Several steel industry partners are participating in the project, providing technical expertise, donated materials and additional funding. The steel industry partners include the American Iron and Steel Institute, Bentley Systems Inc., ClarkDietrich Building Systems, Devco Engineering Inc., DSi Engineering, Mader Construction Co. Inc., Simpson Strong-Tie Co. Inc., the Steel Framing Industry Association, and the Steel Stud Manufacturers Association.
"We appreciate the valuable technical and economic input that our industry partners have provided," said Schafer, the project's principal investigator.
"This project has already resulted in several innovations that will immediately impact seismic cold-formed steel design standards, making buildings safer," Schafer said. "Now comes the fun part - getting to see how all the research plays out on the shake table. One of the important deliverables from this project will be the transfer of our research results into an open-source software framework. The data will then be made available to engineers, allowing them to see how their structural system designs will respond to an earthquake before they are constructed. This software will create cost efficiencies and potentially save lives."
In fact, project data is already on NEEShub. Preliminary testing conducted on building components (shear walls in particular) have been posted for engineers to examine. Initial uploading of the test data happens immediately after the tests. Fully curated data will happen over the course of this summer.

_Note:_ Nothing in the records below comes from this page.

lemma open_sectors_cover_iff:
  fixes \<Phi> :: "nat \<Rightarrow> real"
  assumes start: "\<Phi> 0 = 0" and steps: "\<And>l. l < n \<Longrightarrow> \<Phi> l \<le> \<Phi> (Suc l)"
  shows "(\<Union>l<n. closure (open_sector (\<Phi> l) (\<Phi> (Suc l)))) = UNIV \<longleftrightarrow> 2 * pi \<le> \<Phi> n"
proof
  assume cover: "(\<Union>l<n. closure (open_sector (\<Phi> l) (\<Phi> (Suc l)))) = UNIV"
  show "2 * pi \<le> \<Phi> n"
  proof (rule ccontr)
    assume short: "\<not> 2 * pi \<le> \<Phi> n"
    define \<psi> where "\<psi> = (\<Phi> n + 2 * pi) / 2"
    have mono: "\<Phi> i \<le> \<Phi> j" if "i \<le> j" "j \<le> n" for i j
      using lift_Suc_mono_le_ivl[of "{..<n}" \<Phi> i j] steps that by fastforce
    obtain l where l: "l < n" "rcis 1 \<psi> \<in> complex_cone (\<Phi> l) (\<Phi> (Suc l))"
      using cover closure_open_sector_subset by blast
    then obtain \<phi> where \<phi>: "\<phi> \<in> closed_segment (\<Phi> l) (\<Phi> (Suc l))" "rcis 1 \<psi> = rcis 1 \<phi>"
      by (auto simp: in_complex_cone_iff)
    have "\<Phi> 0 \<le> \<Phi> l" "\<Phi> l \<le> \<Phi> (Suc l)" "\<Phi> (Suc l) \<le> \<Phi> n"
      using mono l by auto
    then have "0 \<le> \<phi>" "\<phi> \<le> \<Phi> n"
      using \<phi>(1) start by (auto simp: closed_segment_eq_real_ivl)
    moreover have "\<bar>\<psi> - \<phi>\<bar> < 2 * pi"
      using calculation short pi_gt_zero unfolding \<psi>_def abs_less_iff by argo
    then have "\<psi> = \<phi>"
      using rcis_eq_imp_angle_eq[OF \<phi>(2)] by simp
    ultimately show False
      using short unfolding \<psi>_def by auto
  qed
next
  assume total: "2 * pi \<le> \<Phi> n"
  have "x \<in> (\<Union>l<n. closure (open_sector (\<Phi> l) (\<Phi> (Suc l))))" for x
  proof -
    have "x = rcis (cmod x) (Arg2pi x)" "0 \<le> Arg2pi x" "Arg2pi x < 2 * pi"
      using Arg2pi[of x] by (simp_all add: is_Arg_def rcis_def cis_conv_exp)
    moreover obtain l where "l < n" "\<Phi> l \<le> Arg2pi x" "Arg2pi x < \<Phi> (Suc l)"
      using exists_crossing_step[of \<Phi> "Arg2pi x" n] calculation start total by auto
    ultimately show ?thesis
      by (metis UN_iff lessThan_iff norm_ge_zero rcis_mem_closure_open_sector)
  qed
  then show "(\<Union>l<n. closure (open_sector (\<Phi> l) (\<Phi> (Suc l)))) = UNIV"
    by blast
qed

definition sectors_tile :: "(nat \<Rightarrow> real) \<Rightarrow> nat \<Rightarrow> bool" where
  "sectors_tile \<Phi> n \<longleftrightarrow>
     (\<forall>l<n. \<forall>m<n. l \<noteq> m \<longrightarrow>
        open_sector (\<Phi> l) (\<Phi> (Suc l)) \<inter> open_sector (\<Phi> m) (\<Phi> (Suc m)) = {}) \<and>
     (\<Union>l<n. closure (open_sector (\<Phi> l) (\<Phi> (Suc l)))) = UNIV"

Schafer said Johns Hopkins graduate student Kara Peterman is on site at the University of Buffalo Structural Engineering and Earthquake Simulation Laboratory (SEESL) and is providing updates on the structure's construction and blog entries at the CFS NEES blog.
The award is an outcome of the National Science Foundation 09-524 program solicitation for the George E. Brown, Jr. Network for Earthquake Engineering Simulation Research competition. The title of the project is "NEES-CR: Enabling Performance-Based Seismic Design of Multi-Story Cold-Formed Steel Structures," award number 1041578.
The analysis and initial testing for the project began in late 2010 and took place at John Hopkins University and the University of North Texas. The focus has now moved to the University of Buffalo, where construction of the two-story test building was recently completed. Full-scale shake-table testing is expected to take place in the summer.
About the George E. Brown, Jr. Network for Earthquake Engineering Simulation Network (NEES) at Purdue
Since Oct. 1, 2009, the NEES operations and cyberinfrastructure headquarters has been at Purdue University's Discovery Park, the result of National Science Foundation cooperative agreement #CMMI-0927178. The 14 participating universities hosting NEES laboratories include Cornell University; Lehigh University; Oregon State University; Rensselaer Polytechnic Institute; University at Buffalo, SUNY; University of California, Berkeley; University of California, Davis; University of California, Los Angeles; University of California San Diego; University of California Santa Barbara; University of Illinois, Urbana-Champaign; University of Minnesota; University of Nevada, Reno; and University of Texas, Austin. In addition, 5 institutions involved as administrative partners include: San Jose State University, University of Washington, University of Kansas, University of South Carolina, and the Fermi National Laboratory.